═════ SUPPLIED DATA ═════
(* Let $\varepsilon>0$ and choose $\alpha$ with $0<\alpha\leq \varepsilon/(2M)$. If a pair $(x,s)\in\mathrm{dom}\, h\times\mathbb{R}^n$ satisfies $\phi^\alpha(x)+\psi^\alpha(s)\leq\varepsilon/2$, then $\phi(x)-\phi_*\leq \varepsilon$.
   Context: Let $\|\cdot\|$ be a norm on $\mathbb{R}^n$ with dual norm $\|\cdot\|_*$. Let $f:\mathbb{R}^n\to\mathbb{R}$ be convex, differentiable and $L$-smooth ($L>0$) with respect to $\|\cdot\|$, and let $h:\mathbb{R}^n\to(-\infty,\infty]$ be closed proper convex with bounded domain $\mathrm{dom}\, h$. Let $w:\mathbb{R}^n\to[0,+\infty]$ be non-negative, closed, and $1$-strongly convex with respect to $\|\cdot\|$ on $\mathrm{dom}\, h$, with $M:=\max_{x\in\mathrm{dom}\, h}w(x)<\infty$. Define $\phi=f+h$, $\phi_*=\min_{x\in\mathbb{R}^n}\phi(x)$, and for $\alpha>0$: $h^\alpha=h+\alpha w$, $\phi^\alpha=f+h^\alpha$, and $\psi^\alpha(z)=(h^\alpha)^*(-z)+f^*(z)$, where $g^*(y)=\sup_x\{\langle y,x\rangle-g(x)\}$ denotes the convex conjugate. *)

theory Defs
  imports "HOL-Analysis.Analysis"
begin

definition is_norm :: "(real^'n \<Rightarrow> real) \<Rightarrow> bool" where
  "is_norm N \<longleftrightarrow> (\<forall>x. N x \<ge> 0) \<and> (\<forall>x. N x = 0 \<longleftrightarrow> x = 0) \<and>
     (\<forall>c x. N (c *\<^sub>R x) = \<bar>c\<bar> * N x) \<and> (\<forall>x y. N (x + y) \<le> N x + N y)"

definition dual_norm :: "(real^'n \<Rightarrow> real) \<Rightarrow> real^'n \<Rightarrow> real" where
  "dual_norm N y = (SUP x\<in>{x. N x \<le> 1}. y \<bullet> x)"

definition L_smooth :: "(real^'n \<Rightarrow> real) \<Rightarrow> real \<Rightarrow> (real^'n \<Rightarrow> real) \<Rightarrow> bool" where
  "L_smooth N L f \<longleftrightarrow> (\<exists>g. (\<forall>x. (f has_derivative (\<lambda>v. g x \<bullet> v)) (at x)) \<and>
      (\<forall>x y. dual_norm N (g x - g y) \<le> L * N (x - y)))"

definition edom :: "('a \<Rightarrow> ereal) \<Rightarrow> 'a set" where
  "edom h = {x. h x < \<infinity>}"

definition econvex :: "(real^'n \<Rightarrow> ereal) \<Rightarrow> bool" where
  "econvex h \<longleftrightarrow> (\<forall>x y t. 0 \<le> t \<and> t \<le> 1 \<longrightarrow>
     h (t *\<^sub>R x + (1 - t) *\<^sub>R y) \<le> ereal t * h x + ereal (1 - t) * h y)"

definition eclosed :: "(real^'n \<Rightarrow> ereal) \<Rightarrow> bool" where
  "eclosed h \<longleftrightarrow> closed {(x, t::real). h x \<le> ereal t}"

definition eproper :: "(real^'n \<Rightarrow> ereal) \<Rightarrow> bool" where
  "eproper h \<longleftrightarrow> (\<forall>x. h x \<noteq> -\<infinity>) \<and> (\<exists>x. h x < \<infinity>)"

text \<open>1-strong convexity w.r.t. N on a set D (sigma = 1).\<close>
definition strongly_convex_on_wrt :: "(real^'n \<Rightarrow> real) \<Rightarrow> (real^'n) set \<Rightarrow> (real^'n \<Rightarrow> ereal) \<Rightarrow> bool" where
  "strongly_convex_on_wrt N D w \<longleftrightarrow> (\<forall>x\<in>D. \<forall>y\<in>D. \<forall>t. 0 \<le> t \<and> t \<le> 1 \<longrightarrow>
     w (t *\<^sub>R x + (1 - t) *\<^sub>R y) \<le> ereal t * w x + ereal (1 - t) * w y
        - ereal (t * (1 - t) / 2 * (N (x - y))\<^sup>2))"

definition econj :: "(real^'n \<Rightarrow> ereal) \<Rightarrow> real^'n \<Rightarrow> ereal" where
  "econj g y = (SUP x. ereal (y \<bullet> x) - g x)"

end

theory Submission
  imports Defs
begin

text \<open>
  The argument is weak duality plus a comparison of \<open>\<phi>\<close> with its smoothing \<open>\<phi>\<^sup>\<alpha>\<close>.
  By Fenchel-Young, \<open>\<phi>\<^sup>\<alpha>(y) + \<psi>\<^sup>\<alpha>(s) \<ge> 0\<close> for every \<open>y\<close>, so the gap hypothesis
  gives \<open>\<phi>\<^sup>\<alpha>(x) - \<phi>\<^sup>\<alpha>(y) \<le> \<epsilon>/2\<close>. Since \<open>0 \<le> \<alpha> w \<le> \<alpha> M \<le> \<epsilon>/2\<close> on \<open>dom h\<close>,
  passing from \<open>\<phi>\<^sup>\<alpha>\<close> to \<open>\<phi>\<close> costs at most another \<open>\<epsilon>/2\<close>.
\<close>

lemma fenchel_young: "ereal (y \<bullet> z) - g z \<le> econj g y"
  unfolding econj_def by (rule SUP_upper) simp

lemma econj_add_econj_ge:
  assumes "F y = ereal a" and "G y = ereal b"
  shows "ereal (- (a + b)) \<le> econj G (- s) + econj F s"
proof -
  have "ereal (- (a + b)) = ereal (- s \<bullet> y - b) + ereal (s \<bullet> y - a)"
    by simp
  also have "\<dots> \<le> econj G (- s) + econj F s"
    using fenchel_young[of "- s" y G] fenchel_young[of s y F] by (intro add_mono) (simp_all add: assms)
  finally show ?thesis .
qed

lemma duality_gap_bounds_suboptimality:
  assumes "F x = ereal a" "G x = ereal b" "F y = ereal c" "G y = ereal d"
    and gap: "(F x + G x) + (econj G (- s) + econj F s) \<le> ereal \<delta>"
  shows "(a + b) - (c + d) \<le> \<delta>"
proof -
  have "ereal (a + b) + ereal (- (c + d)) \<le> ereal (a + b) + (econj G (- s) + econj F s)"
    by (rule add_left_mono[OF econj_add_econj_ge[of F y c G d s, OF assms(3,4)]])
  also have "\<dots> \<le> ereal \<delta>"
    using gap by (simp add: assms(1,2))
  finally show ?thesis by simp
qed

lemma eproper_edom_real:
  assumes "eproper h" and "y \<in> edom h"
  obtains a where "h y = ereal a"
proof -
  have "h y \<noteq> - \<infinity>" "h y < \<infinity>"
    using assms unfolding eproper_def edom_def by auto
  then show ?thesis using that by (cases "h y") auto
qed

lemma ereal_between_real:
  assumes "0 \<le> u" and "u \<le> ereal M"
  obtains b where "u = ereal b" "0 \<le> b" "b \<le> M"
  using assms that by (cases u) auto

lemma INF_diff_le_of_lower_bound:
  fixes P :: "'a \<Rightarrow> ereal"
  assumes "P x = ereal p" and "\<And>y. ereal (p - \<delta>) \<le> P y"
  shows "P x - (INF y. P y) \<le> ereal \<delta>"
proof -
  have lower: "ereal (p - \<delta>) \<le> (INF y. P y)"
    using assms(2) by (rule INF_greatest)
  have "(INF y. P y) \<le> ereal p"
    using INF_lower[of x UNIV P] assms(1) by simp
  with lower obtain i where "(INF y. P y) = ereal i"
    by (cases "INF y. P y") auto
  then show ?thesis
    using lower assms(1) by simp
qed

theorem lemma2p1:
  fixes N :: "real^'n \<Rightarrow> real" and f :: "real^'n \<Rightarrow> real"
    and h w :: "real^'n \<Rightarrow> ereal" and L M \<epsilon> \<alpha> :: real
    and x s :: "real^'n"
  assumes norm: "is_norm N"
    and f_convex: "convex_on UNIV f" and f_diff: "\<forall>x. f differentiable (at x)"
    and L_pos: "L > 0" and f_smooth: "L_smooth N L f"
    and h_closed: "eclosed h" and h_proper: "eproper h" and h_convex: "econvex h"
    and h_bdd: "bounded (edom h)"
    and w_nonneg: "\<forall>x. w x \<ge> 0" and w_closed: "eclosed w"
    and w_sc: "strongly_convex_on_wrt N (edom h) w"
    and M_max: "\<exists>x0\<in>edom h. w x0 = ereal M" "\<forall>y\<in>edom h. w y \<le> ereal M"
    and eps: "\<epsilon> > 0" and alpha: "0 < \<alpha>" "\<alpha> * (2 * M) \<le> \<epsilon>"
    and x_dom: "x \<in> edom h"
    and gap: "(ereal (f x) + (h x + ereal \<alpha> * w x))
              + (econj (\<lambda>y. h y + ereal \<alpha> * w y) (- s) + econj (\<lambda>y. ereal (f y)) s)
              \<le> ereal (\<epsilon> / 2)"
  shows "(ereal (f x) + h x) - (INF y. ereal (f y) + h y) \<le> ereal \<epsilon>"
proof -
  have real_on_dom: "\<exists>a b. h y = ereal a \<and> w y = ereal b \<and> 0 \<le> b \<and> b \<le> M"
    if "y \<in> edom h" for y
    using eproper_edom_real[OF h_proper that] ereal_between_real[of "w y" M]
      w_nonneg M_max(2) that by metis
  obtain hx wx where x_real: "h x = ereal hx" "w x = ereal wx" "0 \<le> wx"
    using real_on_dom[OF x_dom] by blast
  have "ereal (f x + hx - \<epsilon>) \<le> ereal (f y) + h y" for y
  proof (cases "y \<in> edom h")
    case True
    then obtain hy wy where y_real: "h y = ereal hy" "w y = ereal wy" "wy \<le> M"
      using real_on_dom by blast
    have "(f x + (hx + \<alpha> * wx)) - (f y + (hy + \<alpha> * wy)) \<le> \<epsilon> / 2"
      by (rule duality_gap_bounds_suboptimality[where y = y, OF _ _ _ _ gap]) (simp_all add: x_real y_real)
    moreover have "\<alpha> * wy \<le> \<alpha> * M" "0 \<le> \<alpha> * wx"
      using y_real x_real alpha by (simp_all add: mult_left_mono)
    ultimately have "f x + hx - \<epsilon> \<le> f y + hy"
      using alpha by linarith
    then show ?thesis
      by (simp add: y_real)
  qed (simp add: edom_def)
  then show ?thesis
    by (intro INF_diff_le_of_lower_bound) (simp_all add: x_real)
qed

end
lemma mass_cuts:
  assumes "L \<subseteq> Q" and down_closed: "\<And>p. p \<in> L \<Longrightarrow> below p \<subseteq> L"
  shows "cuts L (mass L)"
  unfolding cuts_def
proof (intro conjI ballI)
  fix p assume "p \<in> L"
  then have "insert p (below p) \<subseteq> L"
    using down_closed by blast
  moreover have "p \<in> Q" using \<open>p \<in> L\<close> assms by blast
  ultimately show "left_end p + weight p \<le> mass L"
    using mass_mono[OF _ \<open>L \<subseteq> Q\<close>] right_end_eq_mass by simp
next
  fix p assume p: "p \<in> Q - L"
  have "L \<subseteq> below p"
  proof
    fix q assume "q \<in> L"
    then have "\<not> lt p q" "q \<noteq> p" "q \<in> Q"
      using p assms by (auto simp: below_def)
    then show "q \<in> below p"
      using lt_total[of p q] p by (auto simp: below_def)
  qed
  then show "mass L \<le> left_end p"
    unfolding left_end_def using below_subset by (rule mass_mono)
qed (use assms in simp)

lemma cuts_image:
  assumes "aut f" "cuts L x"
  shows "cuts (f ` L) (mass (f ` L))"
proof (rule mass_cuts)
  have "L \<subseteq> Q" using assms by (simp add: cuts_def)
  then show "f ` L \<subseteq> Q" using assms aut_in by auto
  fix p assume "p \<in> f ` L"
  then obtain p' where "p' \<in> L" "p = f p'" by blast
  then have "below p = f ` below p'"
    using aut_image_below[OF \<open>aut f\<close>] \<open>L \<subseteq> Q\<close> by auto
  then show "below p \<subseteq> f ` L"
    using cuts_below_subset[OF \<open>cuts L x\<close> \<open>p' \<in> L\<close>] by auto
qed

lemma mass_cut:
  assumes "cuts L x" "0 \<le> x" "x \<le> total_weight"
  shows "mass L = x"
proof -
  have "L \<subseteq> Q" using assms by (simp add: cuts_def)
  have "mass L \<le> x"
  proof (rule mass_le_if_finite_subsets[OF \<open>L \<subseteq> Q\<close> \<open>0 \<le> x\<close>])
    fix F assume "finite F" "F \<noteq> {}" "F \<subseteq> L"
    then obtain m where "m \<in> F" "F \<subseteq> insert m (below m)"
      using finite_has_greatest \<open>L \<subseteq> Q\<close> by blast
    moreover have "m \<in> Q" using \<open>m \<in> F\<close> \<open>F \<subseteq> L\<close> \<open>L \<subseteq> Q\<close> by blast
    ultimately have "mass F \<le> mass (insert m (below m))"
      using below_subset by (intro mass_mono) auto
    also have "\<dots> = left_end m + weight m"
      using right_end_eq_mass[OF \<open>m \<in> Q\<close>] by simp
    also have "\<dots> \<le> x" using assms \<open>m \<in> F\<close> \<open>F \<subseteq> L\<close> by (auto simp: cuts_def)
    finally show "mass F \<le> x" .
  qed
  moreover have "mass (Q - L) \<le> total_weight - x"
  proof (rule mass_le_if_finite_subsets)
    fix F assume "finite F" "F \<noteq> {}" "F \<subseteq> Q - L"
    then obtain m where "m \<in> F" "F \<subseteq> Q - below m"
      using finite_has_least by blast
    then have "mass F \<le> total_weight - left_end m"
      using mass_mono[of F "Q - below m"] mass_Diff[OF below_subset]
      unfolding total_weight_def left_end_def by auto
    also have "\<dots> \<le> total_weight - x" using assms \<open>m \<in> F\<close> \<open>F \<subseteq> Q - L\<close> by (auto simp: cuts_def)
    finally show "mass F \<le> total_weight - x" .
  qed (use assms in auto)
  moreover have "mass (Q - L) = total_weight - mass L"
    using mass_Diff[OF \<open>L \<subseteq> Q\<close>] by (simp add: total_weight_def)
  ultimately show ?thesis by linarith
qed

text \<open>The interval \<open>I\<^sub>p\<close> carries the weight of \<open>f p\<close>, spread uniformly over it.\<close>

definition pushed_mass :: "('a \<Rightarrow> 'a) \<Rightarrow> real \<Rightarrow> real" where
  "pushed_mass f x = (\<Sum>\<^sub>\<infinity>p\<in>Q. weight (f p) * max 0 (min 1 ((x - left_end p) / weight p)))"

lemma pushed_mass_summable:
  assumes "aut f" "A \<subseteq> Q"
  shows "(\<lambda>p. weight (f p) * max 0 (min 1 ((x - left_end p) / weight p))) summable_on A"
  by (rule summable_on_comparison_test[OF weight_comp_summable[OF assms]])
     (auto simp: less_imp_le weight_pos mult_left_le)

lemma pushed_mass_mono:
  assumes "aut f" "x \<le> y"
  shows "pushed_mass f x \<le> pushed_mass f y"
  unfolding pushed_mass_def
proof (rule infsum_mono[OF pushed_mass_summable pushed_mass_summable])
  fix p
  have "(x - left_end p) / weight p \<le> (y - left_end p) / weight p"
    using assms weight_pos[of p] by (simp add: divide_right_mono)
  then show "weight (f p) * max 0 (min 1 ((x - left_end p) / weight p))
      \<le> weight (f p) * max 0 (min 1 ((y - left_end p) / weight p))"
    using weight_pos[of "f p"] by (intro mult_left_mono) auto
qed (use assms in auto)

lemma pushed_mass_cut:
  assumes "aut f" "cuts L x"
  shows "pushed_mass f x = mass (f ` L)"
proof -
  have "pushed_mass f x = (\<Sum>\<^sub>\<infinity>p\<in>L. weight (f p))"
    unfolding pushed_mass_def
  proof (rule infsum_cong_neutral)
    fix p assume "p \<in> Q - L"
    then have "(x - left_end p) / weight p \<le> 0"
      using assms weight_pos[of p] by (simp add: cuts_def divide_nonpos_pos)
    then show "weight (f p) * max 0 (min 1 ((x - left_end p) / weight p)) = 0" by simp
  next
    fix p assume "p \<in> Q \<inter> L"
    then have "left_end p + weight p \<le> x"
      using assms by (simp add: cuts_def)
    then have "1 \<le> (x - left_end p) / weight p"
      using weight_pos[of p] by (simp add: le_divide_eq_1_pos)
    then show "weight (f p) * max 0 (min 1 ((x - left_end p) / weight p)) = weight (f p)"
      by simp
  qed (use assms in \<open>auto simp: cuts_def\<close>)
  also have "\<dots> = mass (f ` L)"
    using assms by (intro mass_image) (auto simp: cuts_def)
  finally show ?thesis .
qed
═════
WORK INSTRUCTIONS — Go over the data above and copy every line that has the word "intro" in it.

TASK RESULT —
    using fenchel_young[of "- s" y G] fenchel_young[of s y F] by (intro add_mono) (simp_all add: assms)
    by (intro INF_diff_le_of_lower_bound) (simp_all add: x_real)
proof (intro conjI ballI)
      using below_subset by (intro mass_mono) auto
    using weight_pos[of "f p"] by (intro mult_left_mono) auto
    using assms by (intro mass_image) (auto simp: cuts_def)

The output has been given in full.